46. Lonely Road

894 220 191
                                    

Ini adalah hari keempat sejak Mark pergi untuk selamanya. Aku terbangun saat hari masih jauh dari pagi, dan hal pertama yang menyambut kesadaranku adalah kehampaan pekat di sekujur rongga dada. Aku mencoba bernapas, ada sentakan rasa sesak yang sulit untuk kujelaskan. Seperti terdapat sesuatu yang rusak berat dalam diriku.

Aku membalikkan posisi berbaringku menjadi menghadap sisi tempat tidur yang biasanya ditempati Mark.

Kosong.

Gelenyar pilu menyengatku dengan tajam. Kuusap bantal Mark yang tidak ditempati sang pemilik beberapa hari gelap belakangan ini. Dingin sekali.

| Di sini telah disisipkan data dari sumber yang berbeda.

lemma psi_nested_ne_if_consecutive_eq:
  assumes "0 < rseq r p \<alpha> p"
    and "length x = \<alpha>" "length y = \<alpha>" "length z = \<alpha>" "length w = \<alpha>"
    and "x < y" "y < z" "z < w"
    and "psi r p \<alpha> x y = psi r p \<alpha> z w"
  shows "psi r p \<alpha> x w \<noteq> psi r p \<alpha> y z"
proof
  define k where "k = rseq r p \<alpha> p"
  assume nested_eq: "psi r p \<alpha> x w = psi r p \<alpha> y z"
  have "0 < \<alpha>"
    using assms(2,3,6) by (metis length_greater_0_conv not_less_Nil)
  have "cp r p \<alpha> x y = cp r p \<alpha> z w"
    using assms(2-9) by (simp add: psi_less)
  then have "[eta k x y] = [eta k z w]"
    using hd_cp[of x \<alpha> y r p] hd_cp[of z \<alpha> w r p] assms(2-5) \<open>0 < \<alpha>\<close>
    by (simp add: k_def)
  then obtain i where i: "i < length (blocks k x)" "i < length (blocks k y)"
    "i < length (blocks k z)" "i < length (blocks k w)"
    "blocks k z ! i = blocks k x ! i" "blocks k w ! i = blocks k y ! i"
    "blocks k x ! i < blocks k y ! i"
    using eta_eq_imp_same_blocks[of x y z w k] assms(1-8) by (auto simp: k_def)
  have "length (blocks k x ! i) = length (blocks k y ! i)"
    using i(1,2) assms(2,3) by (simp add: nth_blocks)
  then have "lex_le (blocks k x ! i) (blocks k y ! i)" "\<not> lex_le (blocks k y ! i) (blocks k x ! i)"
    using i(7) by (simp_all add: lex_le_iff_le)
  then have "Delta r p \<alpha> x w ! i \<noteq> Delta r p \<alpha> y z ! i"
    using nth_Delta[of i r p \<alpha> x w] nth_Delta[of i r p \<alpha> y z] i(1-6) by (simp add: k_def)
  moreover have "Delta r p \<alpha> x w = Delta r p \<alpha> y z"
    using nested_eq assms(2-8) by (simp add: psi_less)
  ultimately show False by simp
qed

lemma obtain_sorted_four:
  fixes a b c e :: "'a::linorder"
  assumes "distinct [a, b, c, e]"
  obtains x y z w where "{x, y, z, w} = {a, b, c, e}" "x < y" "y < z" "z < w"
proof -
  define s where "s = sorted_list_of_set {a, b, c, e}"
  have "length s = 4"
    using assms distinct_card[OF assms] by (simp add: s_def)
  then obtain x y z w where "s = [x, y, z, w]"
    by (auto simp: length_Suc_conv numeral_eq_Suc)
  moreover have "sorted_wrt (<) s" "set s = {a, b, c, e}"
    unfolding s_def by (rule strict_sorted_list_of_set, rule set_sorted_list_of_set, simp)
  ultimately show ?thesis using that by auto
qed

Aku mulai terisak. Mark... pulang...

Menit-menit berlalu tanpa sedikit pun aku berniat bergerak. Tanda kehidupan yang kumiliki saat ini hanyalah detak lemah jantungku dan air mata yang tidak pernah mengering dari pipi. Selain dua hal itu, aku seperti sesuatu yang sudah lama mati namun dipaksa untuk tetap berjalan di atas bumi.

Beberapa hari belakangan ini, aku terjebak dalam siklus mengerikan yang mungkin akan membunuhku secara perlahan. Aku selalu terbangun saat hari masih gelap sekali, disambut dengan kekosongan dan rasa kehilangan mencekik sementara satu-satunya hal yang dapat kulakukan hanyalah menangis tersedu hingga matahari naik hampir ke tengah langit. Dan saat malam menjelang, aku merasakan kesepian dan kerinduan tak terelakkan yang membuatku menangis sejadi-jadinya hingga aku kelelahan dan akhirnya jatuh terlelap. Begitu saja berulang-ulang.

Pun hari ini, tentu saja. Aku benar-benar tidak akan beranjak dari tempat tidur jika saja aku tidak merasakan tubuhku mulai gemetaran karena perutku menuntut untuk diisi. Aku bisa saja memilih tidak peduli, namun aku sudah berjanji kepada Mark untuk tegar dan melanjutkan hidup, tidak peduli seberat apapun rasanya.

Meski berulang kali aku harus jatuh bangun.

Meski terkadang aku masih tidak bisa menerima apa yang terjadi, meski terkadang aku masih marah terhadap takdir.

Meski terkadang aku merasa ingin mati saja.

Aku tetap berjuang, Mark. Kau lihat, 'kan?

Aku istri yang baik, 'kan?.

Aku tidak mengecewakanmu, 'kan?

Kuseret tubuhku agar merosot turun dari tempat tidur. Saat aku berdiri, aku meringis merasakan keram pada perut bagian bawah karena ini adalah hari pertama siklus bulananku. Aku kecewa sekali hingga aku menangis saat menyadari bahwa siklusku masih normal.

Seandainya saja aku hamil, aku tidak akan merasa begitu kesepian seperti ini.

Jika saja aku punya Mark kecil di dalam diriku, aku akan merasa punya teman. Aku akan merasakan ikatan dengan ayahnya.

Tapi semesta begitu jahat.

Aku dibiarkan sendirian.

Kulangkahkan kakiku menuju kamar mandi. Selama beberapa saat, aku mengguyur tubuhku dengan air hangat untuk meredakan nyeri punggung dan keram perutku. Rasa sakit pada tubuhku memang memudar perlahan-lahan, namun tidak dengan remuk redam dalam diriku.

Rasa perihnya tetap tidak tertolong.

Seusai mandi, aku tidak mengeringkan rambutku dengan sempurna. Aku langsung menyambar sweter kedodoran dan mengenakannya, kemudian turun ke dapur.

Kukeluarkan sekotak susu dari lemari pendingin dan langsung menuangkannya ke dalam gelas, tidak benar-benar sampai penuh.

Selama beberapa detik, aku hanya memandangi susu dalam gelasku. Tubuhku menuntut asupan nutrisi, namun mulutku seperti memberontak untuk mencecap apapun.